Reflector通过List&Watch kube-apiserver来获取k8s资源数据,获取到资源数据后,会在Delta队列放入一个包括资源对象信息本身以及资源对象事件类型的Delta记录。Informer不断从Delta队列中弹出Delta记录,一方面把事件交给事件回调函数,另一方面把资源对象交给Indexer。
Indexer把资源记录在一个缓存中,controller中的控制器主要由事件处理函数及worker组成事件处理函数会监听Informer中资源的新增、更新、删除事件,并根据控制器的逻辑决定是否需要处理。对于需要处理的事件,会把相关信息放到工作队列中,并由后续worker池中的worker来处理。
worker在处理资源对象时一般需要用资源对象的名字去缓存中重新获取最新的资源数据
client-go组件
Reflector
:reflector用来watch特定的k8s API资源。具体的实现是通过ListAndWatch
的方法,watch可以是k8s内建的资源或者是自定义的资源。当reflector通过watch API接收到有关新资源实例存在的通知时,它使用相应的列表API获取新创建的对象,并将其放入watchHandler函数内的Delta Fifo队列中。Informer
:informer从Delta Fifo队列中弹出对象。执行此操作的功能是processLoop。base controller的作用是保存对象以供以后检索,并调用我们的控制器将对象传递给它。Indexer
:索引器提供对象的索引功能。典型的索引用例是基于对象标签创建索引。 Indexer可以根据多个索引函数维护索引。Indexer使用线程安全的数据存储来存储对象及其键。 在Store中定义了一个名为MetaNamespaceKeyFunc
的默认函数,该函数生成对象的键作为该对象的<namespace> / <name>
组合。
源码解析
我们先看看informer是如何构造出来的。这使用了工厂模式的设计模式,该模式用于封装和管理对象的创建,是一种创建型模式。我们可以通过源码顺便学习下。

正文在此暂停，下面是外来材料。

(* For every $\alpha\in(0,\pi/2)$, the competitive ratio of the Straight-Up algorithm is $$\rho(\textsc{Straight-Up};\alpha)=\begin{cases}2\cos\alpha & \text{if } \alpha\le \pi/4,\\ 1/\sin\alpha & \text{otherwise.}\end{cases}$$
   Context: Online drone coverage on a line. A drone has a fixed half angle-of-view $\alpha\in(0,\pi/2)$. A drone at a point $T=(t_x,t_y)$ with $t_y\ge 0$ covers the segment $[t_x-t_y\tan\alpha,\ t_x+t_y\tan\alpha]$ of the $x$-axis. For a point $X=(x,0)$ its feasibility cone is $\mathrm{FC}(X)=\{(u,v): v\ge 0,\ |u-x|\le v\tan\alpha\}$, and the feasibility cone of a finite set of points on the $x$-axis is the intersection of their cones. An input is a sequence of points $X_0=(0,0),X_1,\dots,X_n$ ($n\ge1$) on the $x$-axis, $X_i=(x_i,0)$, revealed one at a time. A solution is a sequence of drone positions $P_0=(0,0),P_1,\dots,P_n$ with $P_i\in \mathrm{FC}(X_0,\dots,X_i)$; its cost is $\sum_{i=0}^{n-1}|P_iP_{i+1}|$ (Euclidean). An online algorithm chooses $P_i$ knowing only $X_0,\dots,X_i$. $\mathrm{OPT}(\mathbf X;\alpha)$ is the minimum cost of a solution when the whole input is known in advance. A request $X_{i+1}$ is redundant if $x_{i+1}\in[\min_{j\le i}x_j,\max_{j\le i}x_j]$. An input is good if it has no redundant requests and is scaled (and possibly reflected) so that $\min_j x_j=-1$ and $r:=\max_j x_j\in[0,1]$. The competitive ratio $\rho(\mathrm{ALG};\alpha)$ is the supremum over good inputs of $\mathrm{ALG}(\mathbf X;\alpha)/\mathrm{OPT}(\mathbf X;\alpha)$. The Straight-Up algorithm keeps the drone on the $y$-axis: $P_i$ is the lowest point of the $y$-axis lying in $\mathrm{FC}(X_0,\dots,X_i)$. *)

theory Defs
  imports "HOL-Analysis.Analysis"
begin

text \<open>Points of the plane are pairs (u,v) :: real \<times> real; the library metric on
  real \<times> real is the Euclidean one. An input is given by n and the sequence
  xs :: nat \<Rightarrow> real, with X_i = (xs i, 0) for i \<le> n (values beyond n are irrelevant).\<close>

definition FC :: "real \<Rightarrow> real \<Rightarrow> (real \<times> real) set" where
  "FC \<alpha> x = {(u, v). v \<ge> 0 \<and> \<bar>u - x\<bar> \<le> v * tan \<alpha>}"

definition FC_upto :: "real \<Rightarrow> (nat \<Rightarrow> real) \<Rightarrow> nat \<Rightarrow> (real \<times> real) set" where
  "FC_upto \<alpha> xs i = (\<Inter>j\<in>{0..i}. FC \<alpha> (xs j))"

definition is_solution :: "real \<Rightarrow> nat \<Rightarrow> (nat \<Rightarrow> real) \<Rightarrow> (nat \<Rightarrow> real \<times> real) \<Rightarrow> bool" where
  "is_solution \<alpha> n xs P \<longleftrightarrow> P 0 = (0, 0) \<and> (\<forall>i\<le>n. P i \<in> FC_upto \<alpha> xs i)"

definition cost :: "nat \<Rightarrow> (nat \<Rightarrow> real \<times> real) \<Rightarrow> real" where
  "cost n P = (\<Sum>i<n. dist (P i) (P (Suc i)))"

definition OPT :: "real \<Rightarrow> nat \<Rightarrow> (nat \<Rightarrow> real) \<Rightarrow> real" where
  "OPT \<alpha> n xs = Inf {cost n P | P. is_solution \<alpha> n xs P}"

definition straight_up_pos :: "real \<Rightarrow> (nat \<Rightarrow> real) \<Rightarrow> nat \<Rightarrow> real \<times> real" where
  "straight_up_pos \<alpha> xs i = (0, Inf {v. (0, v) \<in> FC_upto \<alpha> xs i})"

definition straight_up_cost :: "real \<Rightarrow> nat \<Rightarrow> (nat \<Rightarrow> real) \<Rightarrow> real" where
  "straight_up_cost \<alpha> n xs = cost n (straight_up_pos \<alpha> xs)"

definition redundant :: "(nat \<Rightarrow> real) \<Rightarrow> nat \<Rightarrow> bool" where
  "redundant xs i \<longleftrightarrow> xs (Suc i) \<in> {Min (xs ` {0..i}) .. Max (xs ` {0..i})}"

definition good_input :: "nat \<Rightarrow> (nat \<Rightarrow> real) \<Rightarrow> bool" where
  "good_input n xs \<longleftrightarrow> n \<ge> 1 \<and> xs 0 = 0 \<and> (\<forall>i<n. \<not> redundant xs i)
     \<and> Min (xs ` {0..n}) = -1 \<and> Max (xs ` {0..n}) \<in> {0..1}"

definition rho_straight_up :: "real \<Rightarrow> ereal" where
  "rho_straight_up \<alpha> = (SUP (n, xs) \<in> {(n, xs). good_input n xs}.
      ereal (straight_up_cost \<alpha> n xs / OPT \<alpha> n xs))"

end

theory Submission
  imports Defs
begin

text \<open>On a good input the Straight-Up drone climbs monotonically to the height
  max_j |x_j| / tan \<alpha> = cot \<alpha>, which is therefore its cost. Every solution ends in
  FC(0) \<inter> FC(-1), so OPT is at least the distance from the origin to that region; this
  distance is attained by the two-point input 0, -1. The ratio of the two is the claimed value.\<close>

lemma sum_sq_ge_apex_of_two_cones:
  fixes t u v :: real
  assumes "0 < t" "t \<le> 1" "\<bar>u\<bar> \<le> v * t" "\<bar>u + 1\<bar> \<le> v * t"
  shows "1/4 + 1/(4 * t\<^sup>2) \<le> u\<^sup>2 + v\<^sup>2"
proof -
  define s where "s = u + 1/2"
  have "1/2 + \<bar>s\<bar> \<le> v * t" using assms unfolding s_def by linarith
  then have "(1/2 + \<bar>s\<bar>)\<^sup>2 \<le> (v * t)\<^sup>2" by (rule power_mono) simp
  then have "1/4 + \<bar>s\<bar> + s\<^sup>2 \<le> v\<^sup>2 * t\<^sup>2" by (simp add: power2_eq_square algebra_simps)
  then have "(1/4 + \<bar>s\<bar> + s\<^sup>2) / t\<^sup>2 \<le> v\<^sup>2" using assms(1) by (simp add: pos_divide_le_eq)
  moreover have "\<bar>s\<bar> + s\<^sup>2 \<le> (\<bar>s\<bar> + s\<^sup>2) / t\<^sup>2"
    using assms(1,2) by (simp add: le_divide_eq mult_left_le power_le_one)
  moreover have "u\<^sup>2 = s\<^sup>2 - s + 1/4" unfolding s_def by (simp add: power2_eq_square algebra_simps)
  moreover have "(1/4 + \<bar>s\<bar> + s\<^sup>2) / t\<^sup>2 = 1/(4 * t\<^sup>2) + (\<bar>s\<bar> + s\<^sup>2) / t\<^sup>2"
    by (simp add: add_divide_distrib)
  moreover have "s \<le> \<bar>s\<bar>" "0 \<le> s\<^sup>2" by simp_all
  ultimately show ?thesis by linarith
qed

lemma sum_sq_ge_of_cone:
  fixes t u v :: real
  assumes "\<bar>u + 1\<bar> \<le> v * t"
  shows "1 / (1 + t\<^sup>2) \<le> u\<^sup>2 + v\<^sup>2"
proof -
  have "1 \<le> (v * t - u)\<^sup>2" using assms by (simp add: abs_le_iff one_le_power)
  also have "\<dots> = (1 + t\<^sup>2) * (u\<^sup>2 + v\<^sup>2) - (u * t + v)\<^sup>2" by (simp add: power2_eq_square algebra_simps)
  also have "\<dots> \<le> (1 + t\<^sup>2) * (u\<^sup>2 + v\<^sup>2)" by simp
  finally show ?thesis by (simp add: divide_le_eq add_pos_nonneg mult.commute)
qed

text \<open>The distance from the origin to FC(0) \<inter> FC(-1): for \<alpha> \<le> pi/4 it is attained at the
  apex (-1/2, 1/(2 tan \<alpha>)), otherwise at the foot (-cos(\<alpha>)^2, sin \<alpha> cos \<alpha>) of the
  perpendicular to the right edge of FC(-1).\<close>
definition cone_pair_dist :: "real \<Rightarrow> real" where
  "cone_pair_dist \<alpha> = (if \<alpha> \<le> pi/4 then 1 / (2 * sin \<alpha>) else cos \<alpha>)"

lemma quarter_add_inverse_tan_sq:
  assumes "sin x \<noteq> 0"
  shows "1/4 + 1/(4 * (tan x)\<^sup>2) = (1 / (2 * sin x))\<^sup>2"
  using assms sin_cos_squared_add[of x] by (simp add: tan_def field_simps)

lemma cone_pair_dist_le_norm:
  assumes "0 < \<alpha>" "\<alpha> < pi/2" and "q \<in> FC \<alpha> 0" "q \<in> FC \<alpha> (-1)"
  shows "cone_pair_dist \<alpha> \<le> norm q"
proof -
  obtain u v where q: "q = (u, v)" by fastforce
  have cones: "\<bar>u\<bar> \<le> v * tan \<alpha>" "\<bar>u + 1\<bar> \<le> v * tan \<alpha>"
    using assms(3,4) unfolding q FC_def by auto
  have "(cone_pair_dist \<alpha>)\<^sup>2 \<le> u\<^sup>2 + v\<^sup>2"
  proof (cases "\<alpha> \<le> pi/4")
    case True
    then have "tan \<alpha> \<le> 1" using assms(1) tan_mono_le[of \<alpha> "pi/4"] by (simp add: tan_45)
    with True show ?thesis
      using sum_sq_ge_apex_of_two_cones[OF tan_gt_zero[OF assms(1,2)] _ cones]
        quarter_add_inverse_tan_sq[of \<alpha>] sin_gt_zero[of \<alpha>] assms(1,2)
      by (simp add: cone_pair_dist_def)
  next
    case False
    have "1 / (1 + (tan \<alpha>)\<^sup>2) = (cos \<alpha>)\<^sup>2"
      using cos_gt_zero[of \<alpha>] assms(1,2) sin_cos_squared_add[of \<alpha>]
      by (simp add: tan_def field_simps)
    with False show ?thesis using sum_sq_ge_of_cone[OF cones(2)] by (simp add: cone_pair_dist_def)
  qed
  then show ?thesis by (simp add: q norm_Pair real_le_rsqrt)
qed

//k8s.io/client-go/informers/factory.go
// NewSharedInformerFactoryWithOptions constructs a new instance of a SharedInformerFactory with additional options.
func NewSharedInformerFactoryWithOptions(client kubernetes.Interface, defaultResync time.Duration, options ...SharedInformerOption) SharedInformerFactory {
// 生成工厂实例,自带client,informers等属性
factory := &sharedInformerFactory{
client: client,
namespace: v1.NamespaceAll,
defaultResync: defaultResync,
informers: make(map[reflect.Type]cache.SharedIndexInformer),
startedInformers: make(map[reflect.Type]bool),
customResync: make(map[reflect.Type]time.Duration),
}
// Apply all options
for _, opt := range options {
factory = opt(factory)
}
return factory
}
// InternalInformerFor returns the SharedIndexInformer for obj using an internal
// 通过该方法来产生各种类型的informer
func (f *sharedInformerFactory) InformerFor(obj runtime.Object, newFunc internalinterfaces.NewInformerFunc) cache.SharedIndexInformer {
f.lock.Lock()
defer f.lock.Unlock()
informerType := reflect.TypeOf(obj)
informer, exists := f.informers[informerType]
if exists {
return informer
}
resyncPeriod, exists := f.customResync[informerType]
if !exists {
resyncPeriod = f.defaultResync
}
informer = newFunc(f.client, resyncPeriod)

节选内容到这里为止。